(* Let $\mathbf i'=\eta_k\mathbf i$ be a 4-move, $i=i_k$, $j=i_{k+1}$. For $\mathbf g'=(g'_u)\in\mathbb Z^{\oplus\mathbb N}$ define $\mathbf g=(g_u)\in\mathbb Z^{\oplus\mathbb N}$ by: $A=g'_k+\mathsf c_{j,i}[-g'_{k+1}]_+$, $B=-g'_{k+1}+\mathsf c_{i,j}[-A]_+$, and $g_{k+3}=g'_{k+2}-\mathsf c_{j,i}[g'_{k+1}]_++[A]_+$, $g_{k+2}=g'_{k+3}-[-g'_{k+1}]_++[B]_+$, $g_{k+1}=-A+\mathsf c_{j,i}[-B]_+$, $g_k=-B$, $g_{k^-_{\mathbf i}}=g'_{(k+1)^-_{\mathbf i'}}+[g'_{k+1}]_+-[-B]_+$ (if $k^-_{\mathbf i}>0$), $g_{(k+1)^-_{\mathbf i}}=g'_{k^-_{\mathbf i'}}+[A]_+-\mathsf c_{j,i}[B]_+$ (if $(k+1)^-_{\mathbf i}>0$), and $g_u=g'_u$ for all other $u$. Then the map $\mathbf g'\mapsto\mathbf g$ sends the cone $C_{\mathbf i'}$ into the cone $C_{\mathbf i}$.
   Context: $\mathfrak g$ is a complex finite-dimensional simple Lie algebra with index set $I$ and Cartan matrix $\mathsf C=(\mathsf c_{i,j})$. $\mathbb N=\{1,2,\dots\}$, $[a]_+=\max(a,0)$. $I^{(\infty)}$ is the set of sequences $\mathbf i=(i_u)_{u\in\mathbb N}\in I^{\mathbb N}$ in which each element of $I$ occurs infinitely often; $u^-_{\mathbf i}=\max(\{v<u:i_v=i_u\}\cup\{0\})$. A 4-move $\mathbf i'=\eta_k\mathbf i$ means $i_k=i_{k+2}=i'_{k+1}=i'_{k+3}$, $i_{k+1}=i_{k+3}=i'_k=i'_{k+2}$, $i_u=i'_u$ for $u\notin[k,k+3]$, and $\mathsf c_{i_{k+1},i_k}\mathsf c_{i_k,i_{k+1}}=2$ (so $(k+1)^-_{\mathbf i'}=k^-_{\mathbf i}$, $k^-_{\mathbf i'}=(k+1)^-_{\mathbf i}$). For $\mathbf i\in I^{\mathbb N}$, the cone $C_{\mathbf i}=\{\mathbf g=(g_u)\in\mathbb Z^{\oplus\mathbb N}:\sum_{v\ge u,\,i_v=i_u}g_v\ge0\ \text{for all }u\in\mathbb N\}$ ($\mathbb Z^{\oplus\mathbb N}$ = finitely supported integer sequences). *)

theory Defs
  imports Complex_Main
begin

definition pos :: "int \<Rightarrow> int" where "pos a = max a 0"

(* Cartan matrix of a complex finite-dimensional simple Lie algebra, index set = finite type 'i:
   a generalized Cartan matrix which is indecomposable, symmetrizable, with positive definite
   symmetrization (= of finite type, connected Dynkin diagram). *)
definition cartan_simple :: "('i::finite \<Rightarrow> 'i \<Rightarrow> int) \<Rightarrow> bool" where
  "cartan_simple C \<longleftrightarrow>
     (\<forall>i. C i i = 2) \<and>
     (\<forall>i j. i \<noteq> j \<longrightarrow> C i j \<le> 0) \<and>
     (\<forall>i j. C i j = 0 \<longleftrightarrow> C j i = 0) \<and>
     (\<exists>d::'i \<Rightarrow> int. (\<forall>i. d i > 0) \<and> (\<forall>i j. d i * C i j = d j * C j i) \<and>
        (\<forall>x::'i \<Rightarrow> real. x \<noteq> (\<lambda>_. 0) \<longrightarrow>
            (\<Sum>i\<in>UNIV. \<Sum>j\<in>UNIV. x i * real_of_int (d i * C i j) * x j) > 0)) \<and>
     (\<forall>S::'i set. S \<noteq> {} \<and> S \<noteq> UNIV \<longrightarrow> (\<exists>i\<in>S. \<exists>j. j \<notin> S \<and> C i j \<noteq> 0))"

(* sequences i = (i_u)_{u \<in> \<nat>}, \<nat> = {1,2,...}; the value at 0 is irrelevant *)
definition I_inf :: "(nat \<Rightarrow> 'i) \<Rightarrow> bool" where
  "I_inf s \<longleftrightarrow> (\<forall>a. infinite {u. 1 \<le> u \<and> s u = a})"

definition uminus_seq :: "(nat \<Rightarrow> 'i) \<Rightarrow> nat \<Rightarrow> nat" where
  "uminus_seq s u = Max ({v. 1 \<le> v \<and> v < u \<and> s v = s u} \<union> {0})"

definition four_move :: "('i \<Rightarrow> 'i \<Rightarrow> int) \<Rightarrow> (nat \<Rightarrow> 'i) \<Rightarrow> (nat \<Rightarrow> 'i) \<Rightarrow> nat \<Rightarrow> bool" where
  "four_move C s s' k \<longleftrightarrow> 1 \<le> k \<and>
     s k = s (k+2) \<and> s k = s' (k+1) \<and> s k = s' (k+3) \<and>
     s (k+1) = s (k+3) \<and> s (k+1) = s' k \<and> s (k+1) = s' (k+2) \<and>
     (\<forall>u. 1 \<le> u \<and> (u < k \<or> k + 3 < u) \<longrightarrow> s u = s' u) \<and>
     C (s (k+1)) (s k) * C (s k) (s (k+1)) = 2"

(* Z^{\<oplus>\<nat>}: finitely supported integer sequences indexed by \<nat> = {1,2,...};
   represented as nat \<Rightarrow> int with value 0 at the dummy index 0 *)
definition Zfin :: "(nat \<Rightarrow> int) set" where
  "Zfin = {g. g 0 = 0 \<and> finite {u. g u \<noteq> 0}}"

(* the cone C_s; the sum over {v \<ge> u, s_v = s_u} is a finite sum over the support *)
definition cone :: "(nat \<Rightarrow> 'i) \<Rightarrow> (nat \<Rightarrow> int) set" where
  "cone s = {g \<in> Zfin. \<forall>u. 1 \<le> u \<longrightarrow> (\<Sum>v\<in>{v. u \<le> v \<and> s v = s u \<and> g v \<noteq> 0}. g v) \<ge> 0}"

definition move_map :: "('i \<Rightarrow> 'i \<Rightarrow> int) \<Rightarrow> (nat \<Rightarrow> 'i) \<Rightarrow> (nat \<Rightarrow> 'i) \<Rightarrow> nat
    \<Rightarrow> (nat \<Rightarrow> int) \<Rightarrow> (nat \<Rightarrow> int)" where
  "move_map C s s' k g' = (let i = s k; j = s (k+1);
      A = g' k + C j i * pos (- g' (k+1));
      B = - g' (k+1) + C i j * pos (- A);
      km = uminus_seq s k; k1m = uminus_seq s (k+1);
      k1m' = uminus_seq s' (k+1); km' = uminus_seq s' k
    in (\<lambda>u.
      if u = k+3 then g' (k+2) - C j i * pos (g' (k+1)) + pos A
      else if u = k+2 then g' (k+3) - pos (- g' (k+1)) + pos B
      else if u = k+1 then - A + C j i * pos (- B)
      else if u = k then - B
      else if km > 0 \<and> u = km then g' k1m' + pos (g' (k+1)) - pos (- B)
      else if k1m > 0 \<and> u = k1m then g' km' + pos A - C j i * pos B
      else g' u))"

end

theory Submission
  imports Defs
begin

text \<open>Only the tails of the cone condition that start inside the block k..k+3 change.
Beyond the block nothing moves. For a tail starting below the block, the corrections made
at k^- and (k+1)^- exactly compensate the change of the i- and j-column sums inside the block,
so that tail is unchanged too. The four tails starting inside the block are piecewise-linear
expressions in g'(k), g'(k+1) and the two tails of g' starting at k+2 and k+3; their
nonnegativity is a finite case check using {c(i,j), c(j,i)} = {-1,-2}.\<close>

text \<open>Tails of the cone condition, truncated at a bound n beyond the support.\<close>

definition tail_sum :: "(nat \<Rightarrow> 'i) \<Rightarrow> (nat \<Rightarrow> int) \<Rightarrow> nat \<Rightarrow> nat \<Rightarrow> 'i \<Rightarrow> int" where
  "tail_sum s g u n t = (\<Sum>v\<in>{u..<n}. if s v = t then g v else 0)"

lemma tail_sum_Suc:
  "u < n \<Longrightarrow> tail_sum s g u n t = (if s u = t then g u else 0) + tail_sum s g (Suc u) n t"
  unfolding tail_sum_def by (rule sum.atLeast_Suc_lessThan)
+++
**Task:** Only one stretch of the records above is wanted: the lines between the one holding "B = - g' (k+1) + C i j * pos (- A);" and the one holding "< n \<Longrightarrow>", inclusive, reproduced exactly.

**Written answer:**
      B = - g' (k+1) + C i j * pos (- A);
      km = uminus_seq s k; k1m = uminus_seq s (k+1);
      k1m' = uminus_seq s' (k+1); km' = uminus_seq s' k
    in (\<lambda>u.
      if u = k+3 then g' (k+2) - C j i * pos (g' (k+1)) + pos A
      else if u = k+2 then g' (k+3) - pos (- g' (k+1)) + pos B
      else if u = k+1 then - A + C j i * pos (- B)
      else if u = k then - B
      else if km > 0 \<and> u = km then g' k1m' + pos (g' (k+1)) - pos (- B)
      else if k1m > 0 \<and> u = k1m then g' km' + pos A - C j i * pos B
      else g' u))"

end

theory Submission
  imports Defs
begin

text \<open>Only the tails of the cone condition that start inside the block k..k+3 change.
Beyond the block nothing moves. For a tail starting below the block, the corrections made
at k^- and (k+1)^- exactly compensate the change of the i- and j-column sums inside the block,
so that tail is unchanged too. The four tails starting inside the block are piecewise-linear
expressions in g'(k), g'(k+1) and the two tails of g' starting at k+2 and k+3; their
nonnegativity is a finite case check using {c(i,j), c(j,i)} = {-1,-2}.\<close>

text \<open>Tails of the cone condition, truncated at a bound n beyond the support.\<close>

definition tail_sum :: "(nat \<Rightarrow> 'i) \<Rightarrow> (nat \<Rightarrow> int) \<Rightarrow> nat \<Rightarrow> nat \<Rightarrow> 'i \<Rightarrow> int" where
  "tail_sum s g u n t = (\<Sum>v\<in>{u..<n}. if s v = t then g v else 0)"

lemma tail_sum_Suc:
  "u < n \<Longrightarrow> tail_sum s g u n t = (if s u = t then g u else 0) + tail_sum s g (Suc u) n t"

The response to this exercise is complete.